Возможно, я потому сразу стал глядеть на него, что на его плече вертится, занося длинным, как у крысы, и толстым хвостом, гримасничает обезьянка с круглыми белыми пятнами вокруг глаз. Он ее ласково достает, поглаживает рукой. Глаза наши встретились: мои, его, обезьянки. Он рассматривает меня с любопытством (так мне показалось), у обезьянки взгляд бессмысленно печальный.

Возле меня оказался тот самый молодой полицай, который гнал меня к деревне. Но я узнал его не сразу, такое у него стертое, бледное, не прежнее лицо. Кажется, тут кончилось наркотическое действие коротеньких идеек насчет «сталинских бандитов». Такое, наверно, впервые видит, участвует в таком.

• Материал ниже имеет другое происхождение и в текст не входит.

(* For the two-state-service-rate queue described in the context, assumed positive recurrent, the generating function $g$ satisfies, for all $|z|\le1$, $$u\,g(rz)=-(z-z^+)(z-z^-)\,g(z)-vz+w,$$ where $$z^\pm=\frac{1}{2\lambda}\Bigl(\mu_a+\mu_b+\lambda+\gamma\pm\sqrt{\Delta}\Bigr),\qquad \Delta=(\lambda-\gamma+\mu_a-\mu_b)^2+4\lambda\gamma,$$ and $$\lambda^2u=\lambda_a(\mu_a-\mu_b),\qquad \lambda^2v=(\lambda_a\mu_a+\lambda_b\mu_b)\pi_0,\qquad \lambda^2w=(\mu_a\mu_b+\lambda_a\mu_a+\lambda_b\mu_b+\gamma\mu_a)\pi_0.$$
   Context: Two-state-service-rate queue. Fix parameters $\lambda_a,\lambda_b>0$, $\delta>0$, $\gamma\ge0$, $\mu_a,\mu_b>0$. Set $\lambda=\lambda_a+\lambda_b$, $r=\lambda/(\lambda+\delta)$, and for $n\ge1$, $p_n=\frac{\lambda_a}{\lambda}r^n$ and $\bar p_n=1-p_n$. Consider the continuous-time Markov chain on the state space $\{0\}\cup\{(n,a),(n,b):n\ge1\}$ with the following transitions: from $0$ to $(1,a)$ at rate $\lambda_a$ and to $(1,b)$ at rate $\lambda_b$; for $n\ge1$ and $c\in\{a,b\}$, from $(n,c)$ to $(n+1,c)$ at rate $\lambda$; from $(1,c)$ to $0$ at rate $\mu_c$; for $n\ge1$ and $c\in\{a,b\}$, from $(n+1,c)$ to $(n,a)$ at rate $\mu_c p_n$ and to $(n,b)$ at rate $\mu_c\bar p_n$; for $n\ge1$, from $(n,b)$ to $(n,a)$ at rate $\gamma$. When the chain is positive recurrent, $\pi$ denotes its stationary distribution and $\pi_0=\pi(0)$, $\pi_n^a=\pi((n,a))$, $\pi_n^b=\pi((n,b))$, $\pi_n=\pi_n^a+\pi_n^b$ for $n\ge1$. Generating functions: $g_a(z)=\sum_{n\ge1}\pi_n^az^n$, $g_b(z)=\sum_{n\ge1}\pi_n^bz^n$, $g(z)=\pi_0+g_a(z)+g_b(z)$. *)

theory Defs
  imports "HOL-Analysis.Analysis"
begin

text \<open>States of the chain: Empty is state 0, Qa n is (n,a), Qb n is (n,b);
  only n \<ge> 1 is a genuine state.\<close>
datatype st = Empty | Qa nat | Qb nat

definition states :: "st set" where
  "states = {Empty} \<union> {Qa n | n. n \<ge> 1} \<union> {Qb n | n. n \<ge> 1}"

definition pr :: "real \<Rightarrow> real \<Rightarrow> real \<Rightarrow> nat \<Rightarrow> real" where
  "pr la lb d n = la / (la + lb) * ((la + lb) / (la + lb + d)) ^ n"

fun rate :: "real \<Rightarrow> real \<Rightarrow> real \<Rightarrow> real \<Rightarrow> real \<Rightarrow> real \<Rightarrow> st \<Rightarrow> st \<Rightarrow> real" where
  "rate la lb d g ma mb Empty Empty = 0"
| "rate la lb d g ma mb Empty (Qa m) = (if m = 1 then la else 0)"
| "rate la lb d g ma mb Empty (Qb m) = (if m = 1 then lb else 0)"
| "rate la lb d g ma mb (Qa n) Empty = (if n = 1 then ma else 0)"
| "rate la lb d g ma mb (Qb n) Empty = (if n = 1 then mb else 0)"
| "rate la lb d g ma mb (Qa n) (Qa m) =
     (if m = n + 1 then la + lb else 0) + (if n = m + 1 then ma * pr la lb d m else 0)"
| "rate la lb d g ma mb (Qa n) (Qb m) =
     (if n = m + 1 then ma * (1 - pr la lb d m) else 0)"
| "rate la lb d g ma mb (Qb n) (Qb m) =
     (if m = n + 1 then la + lb else 0) + (if n = m + 1 then mb * (1 - pr la lb d m) else 0)"
| "rate la lb d g ma mb (Qb n) (Qa m) =
     (if n = m + 1 then mb * pr la lb d m else 0) + (if m = n then g else 0)"

definition stationary ::
  "real \<Rightarrow> real \<Rightarrow> real \<Rightarrow> real \<Rightarrow> real \<Rightarrow> real \<Rightarrow> (st \<Rightarrow> real) \<Rightarrow> bool" where
  "stationary la lb d g ma mb \<pi> \<longleftrightarrow>
     (\<forall>s\<in>states. \<pi> s \<ge> 0) \<and> (\<pi> has_sum 1) states \<and>
     (\<forall>j\<in>states. (\<Sum>\<^sub>\<infinity>i\<in>states. \<pi> i * rate la lb d g ma mb i j)
                   = \<pi> j * (\<Sum>\<^sub>\<infinity>k\<in>states. rate la lb d g ma mb j k))"
lemma pentagonal_sums:
  fixes q :: "'a::{real_normed_field,banach}"
  assumes "norm q < 1"
  shows "(\<lambda>n. q ^ (Suc n * (3 * Suc n + 1) div 2) * (1 - q ^ (2 * Suc n + 1)))
    sums (q * (1 - fineF q 1 (- q)))"
proof -
  define e :: "nat \<Rightarrow> nat" where "e k = k * (3 * k + 5) div 2" for k
  have e_Suc: "e (Suc k) = e k + 3 * k + 4" for k
    unfolding e_def Suc_mult_3_Suc_plus_5_div_2 by simp
  have pent_e: "Suc n * (3 * Suc n + 1) div 2 = e n + n + 2" for n
  proof -
    have "Suc n * (3 * Suc n + 1) = n * (3 * n + 5) + 2 * (n + 2)"
      by (simp add: algebra_simps)
    then show ?thesis
      unfolding e_def by simp
  qed
  have e_ge: "k \<le> e k" for k
    by (simp add: e_def less_eq_div_iff_mult_less_eq)
  \<comment> \<open>With n = k + 1, H k and G k are q^(n(3n-1)/2) and q^(n(3n+1)/2).\<close>
  define H where "H k = q ^ (e k + 1)" for k
  define G where "G k = q ^ (e k + k + 2)" for k
  have "summable H" "summable G"
    unfolding H_def G_def using e_ge by (auto intro!: summable_power_exponent_ge assms le_SucI)
  then have HG: "(\<lambda>k. H k - G k) sums (suminf H - suminf G)"
    and GH: "(\<lambda>n. G n - H (Suc n)) sums (suminf G - (suminf H - H 0))"
    by (auto intro!: sums_diff summable_sums simp: sums_Suc_iff)
  have "(\<lambda>k. H k - G k) sums (q * fineF q 1 (- q))"
    using sums_mult[OF fineF_one_sums[OF assms], of q]
    by (simp add: H_def G_def e_def algebra_simps power_add)
  with HG have "suminf H - suminf G = q * fineF q 1 (- q)"
    by (rule sums_unique2)
  moreover have "H 0 = q"
    by (simp add: H_def e_def)
  ultimately have sum_eq: "suminf G - (suminf H - H 0) = q * (1 - fineF q 1 (- q))"
    by (simp add: algebra_simps)
  have "G n - H (Suc n) = q ^ (Suc n * (3 * Suc n + 1) div 2) * (1 - q ^ (2 * Suc n + 1))" for n
  proof -
    have "e (Suc n) + 1 = (e n + n + 2) + (2 * Suc n + 1)"
      by (simp add: e_Suc)
    then show ?thesis
      unfolding G_def H_def pent_e by (simp only: power_add right_diff_distrib mult_1_right)
  qed
  with GH show ?thesis
    unfolding sum_eq by simp
qed

definition crank_sign :: "nat set \<Rightarrow> 'a::comm_ring_1" where
  "crank_sign S = (if even (dcrank S) then 1 else -1)"

lemma distinct_parts_subset:
  assumes "S \<in> distinct_parts n"
  shows "S \<subseteq> {1..n}"
proof
  fix x
  assume "x \<in> S"
  moreover have "finite S" "0 \<notin> S" "\<Sum>S = n"
    using assms by (auto simp: distinct_parts_def)
  ultimately show "x \<in> {1..n}"
    using member_le_sum[of x S id] by (cases x) auto
qed

lemma finite_distinct_parts: "finite (distinct_parts n)"
  by (rule finite_subset[of _ "Pow {1..n}"]) (use distinct_parts_subset in blast, simp)

lemma of_int_Me_minus_Mo:
  "of_int (int (Me n) - int (Mo n)) = (\<Sum>S\<in>distinct_parts n. crank_sign S :: 'a::comm_ring_1)"
  unfolding crank_sign_def Me_def Mo_def
  by (simp add: sum.If_cases finite_distinct_parts Int_def conj_commute)

lemma distinct_parts_eq_Pow:
  assumes "n \<le> N"
  shows "distinct_parts n = {S\<in>Pow {1..N}. \<Sum>S = n}"
proof (intro equalityI subsetI)
  fix S
  assume "S \<in> distinct_parts n"
  then show "S \<in> {S\<in>Pow {1..N}. \<Sum>S = n}"
    using distinct_parts_subset[of S n] assms by (auto simp: distinct_parts_def)
next
  fix S
  assume "S \<in> {S\<in>Pow {1..N}. \<Sum>S = n}"
  then show "S \<in> distinct_parts n"
    by (auto simp: distinct_parts_def dest: finite_subset)
qed

lemma sum_distinct_parts_upto:
  "(\<Sum>n=1..N. \<Sum>S\<in>distinct_parts n. w S) = (\<Sum>S\<in>{S\<in>Pow {1..N}. S \<noteq> {} \<and> \<Sum>S \<le> N}. w S)"
proof -
  define W where "W = {S\<in>Pow {1..N}. S \<noteq> {} \<and> \<Sum>S \<le> N}"
  have "Sum ` W \<subseteq> {1..N}"
  proof
    fix m
    assume "m \<in> Sum ` W"
    then obtain S x where "S \<in> W" "m = \<Sum>S" "x \<in> S"
      by (auto simp: W_def)
    moreover from this have "finite S" "S \<subseteq> {1..N}"
      by (auto simp: W_def intro: finite_subset)
    ultimately show "m \<in> {1..N}"
      using member_le_sum[of x S id] by (force simp: W_def)
  qed
  then have "(\<Sum>S\<in>W. w S) = (\<Sum>n=1..N. \<Sum>S\<in>{S\<in>W. \<Sum>S = n}. w S)"
    by (intro sum.group[symmetric]) (auto simp: W_def)
  also have "\<dots> = (\<Sum>n=1..N. \<Sum>S\<in>distinct_parts n. w S)"
  proof (intro sum.cong refl)
    fix n
    assume n: "n \<in> {1..N}"
    then have "n \<le> N"
      by simp
    show "{S\<in>W. \<Sum>S = n} = distinct_parts n"
      unfolding distinct_parts_eq_Pow[OF \<open>n \<le> N\<close>] W_def using n by auto
  qed
  finally show ?thesis
    by (simp add: W_def)
qed

lemma sum_Pow_insert_nonempty:
  assumes "finite A" "a \<notin> A"
  shows "(\<Sum>S\<in>Pow (insert a A) - {{}}. h S) = (\<Sum>T\<in>Pow A. h (insert a T)) + (\<Sum>S\<in>Pow A - {{}}. h S)"
proof -
  have "inj_on (insert a) (Pow A)"
    using assms(2) by (intro inj_onI) (metis PowD insert_ident subset_iff)
  moreover have "Pow (insert a A) - {{}} = insert a ` Pow A \<union> (Pow A - {{}})"
    by (auto simp: Pow_insert)
  moreover have "insert a ` Pow A \<inter> (Pow A - {{}}) = {}"
    using assms(2) by auto
  ultimately show ?thesis
    using assms(1) by (simp add: sum.union_disjoint sum.reindex)
qed

lemma sum_Pow_nonempty_by_Max:
  fixes a N :: nat
  shows "(\<Sum>S\<in>Pow {a..N} - {{}}. h S) = (\<Sum>m=a..N. \<Sum>T\<in>Pow {a..<m}. h (insert m T))"
proof (induction N)
  case 0
  have "Pow {0::nat} - {{}} = {{0}}"
    by auto
  then show ?case
    by (cases a) auto
next
  case (Suc N)
  show ?case
  proof (cases "a \<le> Suc N")
    case True
    then have "{a..Suc N} = insert (Suc N) {a..N}"
      by auto
    then show ?thesis
      using Suc True by (simp add: sum_Pow_insert_nonempty atLeastLessThanSuc_atLeastAtMost add.commute)
  qed simp
qed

А в дыры окошек уже протискиваются: в одной мужчина застрял, завис, дергает ногой, не может просунуть плечо и голову; во второй дыре то появляется, то исчезает искаженное женское лицо. Потом детская головка показалась, и снова спрашивающее, не решающееся, искаженное мукой лицо женщины. Оно страшно, немо кричит. Но вот в дыре девушка, почти девочка, тоненькие ее руки, ноги вместе с головой просунулись наружу, оголенно и беззащитно крикнули. Она свалилась в солому. Но тотчас вскочила, чтобы принять ребенка, которого проталкивают, подают ей сразу четыре или больше рук. И сразу, будто произошло что-то невыносимое для них всех, протестующе вздрогнули офицерские фуражки, возмущенно колыхнулась вся шеренга солдат и овчарок. Двое или трое с автоматами бросились к девочке и стали отрывать ее от ребенка и ребенка от нее. Амбар страшно, к самому небу кричит. Только теперь меня забила дрожь, крупная, холодная. Так же дрожит и молодой полицай, который меня гнал к деревне. Но там, где стоит мой самый главный враг, снова неподвижность или плавные жесты, неторопливость которых подчеркивается бешеным метанием белоглазой обезьянки, перепрыгивающей с плеча на плечо, выглядывающей то из-за фуражки, то из-за бритой головы. Девочку и ребенка разорвали на два кричащих тела и одно, меньшее, уже совсем раздетое, голенькое, стали запихивать в дыру. Девочку отшвырнули к машинам, она добежала до колодца, возле которого караулят меня.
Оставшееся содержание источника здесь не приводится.